Data entries:
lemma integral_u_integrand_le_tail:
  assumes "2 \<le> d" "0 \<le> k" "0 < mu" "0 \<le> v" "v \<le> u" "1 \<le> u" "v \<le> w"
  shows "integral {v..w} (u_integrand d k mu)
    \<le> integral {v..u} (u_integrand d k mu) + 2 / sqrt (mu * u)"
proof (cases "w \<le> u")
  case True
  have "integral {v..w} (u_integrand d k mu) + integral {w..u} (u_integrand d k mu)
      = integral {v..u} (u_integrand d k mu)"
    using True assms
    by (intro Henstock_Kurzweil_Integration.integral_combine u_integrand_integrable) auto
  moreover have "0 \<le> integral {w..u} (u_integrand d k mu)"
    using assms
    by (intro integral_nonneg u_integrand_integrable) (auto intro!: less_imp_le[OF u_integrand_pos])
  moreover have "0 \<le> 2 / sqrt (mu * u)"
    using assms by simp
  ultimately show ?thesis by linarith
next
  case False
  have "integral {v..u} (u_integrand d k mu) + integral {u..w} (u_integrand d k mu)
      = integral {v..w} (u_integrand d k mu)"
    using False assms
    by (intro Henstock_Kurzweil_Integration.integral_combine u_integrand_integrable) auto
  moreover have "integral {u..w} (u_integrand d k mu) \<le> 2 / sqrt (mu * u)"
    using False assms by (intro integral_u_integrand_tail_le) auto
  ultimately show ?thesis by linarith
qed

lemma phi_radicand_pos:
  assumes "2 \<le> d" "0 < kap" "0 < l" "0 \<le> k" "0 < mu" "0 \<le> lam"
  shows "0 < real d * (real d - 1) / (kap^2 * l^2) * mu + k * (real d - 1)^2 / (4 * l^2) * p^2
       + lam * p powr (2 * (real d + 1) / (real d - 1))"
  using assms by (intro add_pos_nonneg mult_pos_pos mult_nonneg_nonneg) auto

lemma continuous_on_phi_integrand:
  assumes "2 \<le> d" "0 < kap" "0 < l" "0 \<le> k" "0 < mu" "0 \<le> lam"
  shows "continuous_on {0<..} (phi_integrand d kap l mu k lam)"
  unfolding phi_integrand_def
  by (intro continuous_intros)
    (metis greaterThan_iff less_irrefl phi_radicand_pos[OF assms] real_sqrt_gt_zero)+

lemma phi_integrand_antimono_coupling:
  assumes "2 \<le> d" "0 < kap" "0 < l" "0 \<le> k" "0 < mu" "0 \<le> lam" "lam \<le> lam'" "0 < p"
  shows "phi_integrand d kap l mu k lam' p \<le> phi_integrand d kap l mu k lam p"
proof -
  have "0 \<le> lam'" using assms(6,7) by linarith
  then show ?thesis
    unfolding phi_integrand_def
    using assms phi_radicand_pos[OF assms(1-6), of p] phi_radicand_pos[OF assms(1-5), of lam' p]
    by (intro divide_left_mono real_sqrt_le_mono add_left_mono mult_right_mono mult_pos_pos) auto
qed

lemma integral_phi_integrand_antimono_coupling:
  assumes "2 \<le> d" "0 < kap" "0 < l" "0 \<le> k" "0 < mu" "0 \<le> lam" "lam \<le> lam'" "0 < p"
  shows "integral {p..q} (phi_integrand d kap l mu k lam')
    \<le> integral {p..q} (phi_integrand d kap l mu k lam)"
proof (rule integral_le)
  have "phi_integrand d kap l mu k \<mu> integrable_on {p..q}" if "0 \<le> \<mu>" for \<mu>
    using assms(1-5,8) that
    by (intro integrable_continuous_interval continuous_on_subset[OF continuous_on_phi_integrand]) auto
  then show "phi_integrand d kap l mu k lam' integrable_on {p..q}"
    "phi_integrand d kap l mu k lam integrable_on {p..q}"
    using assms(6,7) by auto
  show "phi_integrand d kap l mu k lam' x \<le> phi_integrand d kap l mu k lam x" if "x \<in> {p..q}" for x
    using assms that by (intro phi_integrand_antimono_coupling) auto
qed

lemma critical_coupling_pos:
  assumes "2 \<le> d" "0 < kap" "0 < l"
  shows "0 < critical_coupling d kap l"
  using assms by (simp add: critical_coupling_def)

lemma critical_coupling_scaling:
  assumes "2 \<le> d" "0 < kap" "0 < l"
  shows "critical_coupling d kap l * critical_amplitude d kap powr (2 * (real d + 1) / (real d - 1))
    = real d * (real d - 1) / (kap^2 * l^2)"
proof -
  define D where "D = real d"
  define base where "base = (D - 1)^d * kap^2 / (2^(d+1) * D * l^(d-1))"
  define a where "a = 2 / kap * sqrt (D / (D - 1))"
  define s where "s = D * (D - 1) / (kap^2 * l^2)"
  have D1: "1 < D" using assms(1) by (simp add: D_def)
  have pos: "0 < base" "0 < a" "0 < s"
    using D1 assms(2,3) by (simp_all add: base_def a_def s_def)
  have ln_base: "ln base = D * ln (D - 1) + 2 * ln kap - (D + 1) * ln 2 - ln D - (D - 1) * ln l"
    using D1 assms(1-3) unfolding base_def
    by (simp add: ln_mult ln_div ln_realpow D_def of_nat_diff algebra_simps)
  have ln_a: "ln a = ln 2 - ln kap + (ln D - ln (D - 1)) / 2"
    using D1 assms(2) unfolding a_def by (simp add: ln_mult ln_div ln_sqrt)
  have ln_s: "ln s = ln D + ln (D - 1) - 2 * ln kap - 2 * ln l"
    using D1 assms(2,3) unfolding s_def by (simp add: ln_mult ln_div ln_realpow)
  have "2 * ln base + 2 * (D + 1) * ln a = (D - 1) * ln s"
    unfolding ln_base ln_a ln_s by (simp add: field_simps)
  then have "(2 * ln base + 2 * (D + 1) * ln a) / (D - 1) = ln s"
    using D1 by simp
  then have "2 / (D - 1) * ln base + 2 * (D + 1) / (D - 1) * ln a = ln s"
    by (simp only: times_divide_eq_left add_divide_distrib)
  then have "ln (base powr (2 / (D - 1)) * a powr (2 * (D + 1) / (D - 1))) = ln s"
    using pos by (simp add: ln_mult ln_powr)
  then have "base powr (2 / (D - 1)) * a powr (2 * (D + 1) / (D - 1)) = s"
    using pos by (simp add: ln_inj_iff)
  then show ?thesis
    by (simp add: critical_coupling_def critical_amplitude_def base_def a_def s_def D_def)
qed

PROBLEM: What is needed is an exact copy of the lines above, from the one containing "k mu) \<le>" through the one containing "using assms(1-5,8) that", with nothing added.

ANSWER TO THIS PROBLEM:
  moreover have "integral {u..w} (u_integrand d k mu) \<le> 2 / sqrt (mu * u)"
    using False assms by (intro integral_u_integrand_tail_le) auto
  ultimately show ?thesis by linarith
qed

lemma phi_radicand_pos:
  assumes "2 \<le> d" "0 < kap" "0 < l" "0 \<le> k" "0 < mu" "0 \<le> lam"
  shows "0 < real d * (real d - 1) / (kap^2 * l^2) * mu + k * (real d - 1)^2 / (4 * l^2) * p^2
       + lam * p powr (2 * (real d + 1) / (real d - 1))"
  using assms by (intro add_pos_nonneg mult_pos_pos mult_nonneg_nonneg) auto

lemma continuous_on_phi_integrand:
  assumes "2 \<le> d" "0 < kap" "0 < l" "0 \<le> k" "0 < mu" "0 \<le> lam"
  shows "continuous_on {0<..} (phi_integrand d kap l mu k lam)"
  unfolding phi_integrand_def
  by (intro continuous_intros)
    (metis greaterThan_iff less_irrefl phi_radicand_pos[OF assms] real_sqrt_gt_zero)+

lemma phi_integrand_antimono_coupling:
  assumes "2 \<le> d" "0 < kap" "0 < l" "0 \<le> k" "0 < mu" "0 \<le> lam" "lam \<le> lam'" "0 < p"
  shows "phi_integrand d kap l mu k lam' p \<le> phi_integrand d kap l mu k lam p"
proof -
  have "0 \<le> lam'" using assms(6,7) by linarith
  then show ?thesis
    unfolding phi_integrand_def
    using assms phi_radicand_pos[OF assms(1-6), of p] phi_radicand_pos[OF assms(1-5), of lam' p]
    by (intro divide_left_mono real_sqrt_le_mono add_left_mono mult_right_mono mult_pos_pos) auto
qed

lemma integral_phi_integrand_antimono_coupling:
  assumes "2 \<le> d" "0 < kap" "0 < l" "0 \<le> k" "0 < mu" "0 \<le> lam" "lam \<le> lam'" "0 < p"
  shows "integral {p..q} (phi_integrand d kap l mu k lam')
    \<le> integral {p..q} (phi_integrand d kap l mu k lam)"
proof (rule integral_le)
  have "phi_integrand d kap l mu k \<mu> integrable_on {p..q}" if "0 \<le> \<mu>" for \<mu>
    using assms(1-5,8) that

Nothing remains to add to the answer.